(* Let $W\subseteq\mathbb{R}^n$ be a linear subspace of dimension $d<n$. If $A\subseteq\mathbb{R}$ is countable, then the set $\mathcal{A} := \bigl\{(y_1,\dotsc,y_n)\in\mathbb{R}^n:\sum_{i=1}^n\mathbb{1}_{\{y_i - w_i\in A\}}\ge d+1\text{ for some }(w_1,\dotsc,w_n)\in W\bigr\}$ has Lebesgue measure $0$. *)

theory Defs
  imports "HOL-Analysis.Analysis"
begin

end

theory Submission
  imports Defs
begin

(* If y - w has d + 1 coordinates in A for some w in W, pick such a set S of coordinates and
   the values a in A taken there. Then y lies in the translate, by the vector with S-coordinates a,
   of the span of W and the coordinate axes outside S. That span has dimension at most
   d + (n - (d + 1)) < n, so each such flat is negligible, and there are only countably many
   choices of S and a. *)

lemma dim_Un_le_card:
  fixes A B :: "'a::euclidean_space set"
  assumes "finite B"
  shows "dim (A \<union> B) \<le> dim A + card B"
  using assms
proof (induction B rule: finite_induct)
  case (insert x B)
  have "dim (A \<union> insert x B) \<le> dim (A \<union> B) + 1"
    using dim_insert[of x "A \<union> B"] by simp
  with insert show ?case by simp
qed simp

lemma span_axis_if_support:
  fixes z :: "real ^ 'n"
  assumes "\<And>i. i \<notin> T \<Longrightarrow> z $ i = 0"
  shows "z \<in> span ((\<lambda>i. axis i 1) ` T)"
proof -
  have "z = (\<Sum>i\<in>T. z $ i *\<^sub>R axis i 1)"
    using basis_expansion[of z] assms
    by (simp add: scalar_mult_eq_scaleR sum.mono_neutral_right[of UNIV T])
  also have "\<dots> \<in> span ((\<lambda>i. axis i 1) ` T)"
    by (intro span_sum span_mul span_base) auto
  finally show ?thesis .
qed

definition pinned_flat :: "(real ^ 'n) set \<Rightarrow> 'n set \<Rightarrow> ('n \<Rightarrow> real) \<Rightarrow> (real ^ 'n) set"
  where "pinned_flat W S a =
    (+) (\<chi> i. if i \<in> S then a i else 0) ` span (W \<union> (\<lambda>i. axis i 1) ` (- S))"

lemma mem_pinned_flat:
  fixes y w :: "real ^ 'n"
  assumes "w \<in> W" and "\<And>i. i \<in> S \<Longrightarrow> a i = y $ i - w $ i"
  shows "y \<in> pinned_flat W S a"
proof -
  define c :: "real ^ 'n" where "c = (\<chi> i. if i \<in> S then a i else 0)"
  let ?U = "W \<union> (\<lambda>i. axis i 1) ` (- S)"
  have "y - w - c \<in> span ((\<lambda>i. axis i 1) ` (- S))"
    by (rule span_axis_if_support) (simp add: c_def assms(2))
  then have "y - w - c \<in> span ?U"
    by (meson span_mono sup_ge2 subsetD)
  moreover have "w \<in> span ?U"
    using assms(1) by (simp add: span_base)
  ultimately have "y - c \<in> span ?U"
    using span_add by fastforce
  then show ?thesis
    unfolding pinned_flat_def c_def[symmetric] by (rule image_eqI[rotated]) simp
qed

lemma negligible_pinned_flat:
  fixes W :: "(real ^ 'n) set"
  assumes "dim W < card S"
  shows "negligible (pinned_flat W S a)"
proof -
  have "card ((\<lambda>i. axis i (1::real)) ` (- S)) \<le> CARD('n) - card S"
    using card_image_le[of "- S"] by (simp add: Compl_eq_Diff_UNIV card_Diff_subset)
  moreover have "card S \<le> CARD('n)"
    by (simp add: card_mono)
  ultimately have "dim (span (W \<union> (\<lambda>i. axis i 1) ` (- S))) < DIM(real ^ 'n)"
    using dim_Un_le_card[of "(\<lambda>i. axis i (1::real)) ` (- S)" W] assms by simp
  then show ?thesis
    unfolding pinned_flat_def by (intro negligible_translation negligible_lowdim)
qed

theorem lemma6p30:
  fixes W :: "(real ^ 'n) set" and A :: "real set" and d :: nat
  assumes "subspace W" and "dim W = d" and "d < CARD('n)"
    and "countable A"
  shows "{y :: real ^ 'n. \<exists>w\<in>W. card {i. y $ i - w $ i \<in> A} \<ge> d + 1}
           \<in> null_sets lebesgue"
proof -
  define I where "I = Sigma {S :: 'n set. card S = d + 1} (\<lambda>S. S \<rightarrow>\<^sub>E A)"
  have "countable I"
    unfolding I_def using assms(4) by (intro countable_SIGMA countable_PiE) auto
  then have "negligible (\<Union>(S, a)\<in>I. pinned_flat W S a)"
    using assms(2) by (intro negligible_countable_Union) (auto simp: I_def negligible_pinned_flat)
  moreover have "{y. \<exists>w\<in>W. card {i. y $ i - w $ i \<in> A} \<ge> d + 1} \<subseteq> (\<Union>(S, a)\<in>I. pinned_flat W S a)"
  proof safe
    fix y w
    assume "w \<in> W" and "d + 1 \<le> card {i. y $ i - w $ i \<in> A}"
    then obtain S where S: "S \<subseteq> {i. y $ i - w $ i \<in> A}" "card S = d + 1"
      by (meson obtain_subset_with_card_n)
    let ?a = "restrict (\<lambda>i. y $ i - w $ i) S"
    have "(S, ?a) \<in> I" and "y \<in> pinned_flat W S ?a"
      using S \<open>w \<in> W\<close> by (auto simp: I_def intro: mem_pinned_flat)
    then show "y \<in> (\<Union>(S, a)\<in>I. pinned_flat W S a)" by blast
  qed
  ultimately show ?thesis
    using negligible_subset negligible_iff_null_sets by blast
qed

end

### Work required:
Copy every line of the entries above in which "meson" occurs.

### Written answer:
    by (meson span_mono sup_ge2 subsetD)
      by (meson obtain_subset_with_card_n)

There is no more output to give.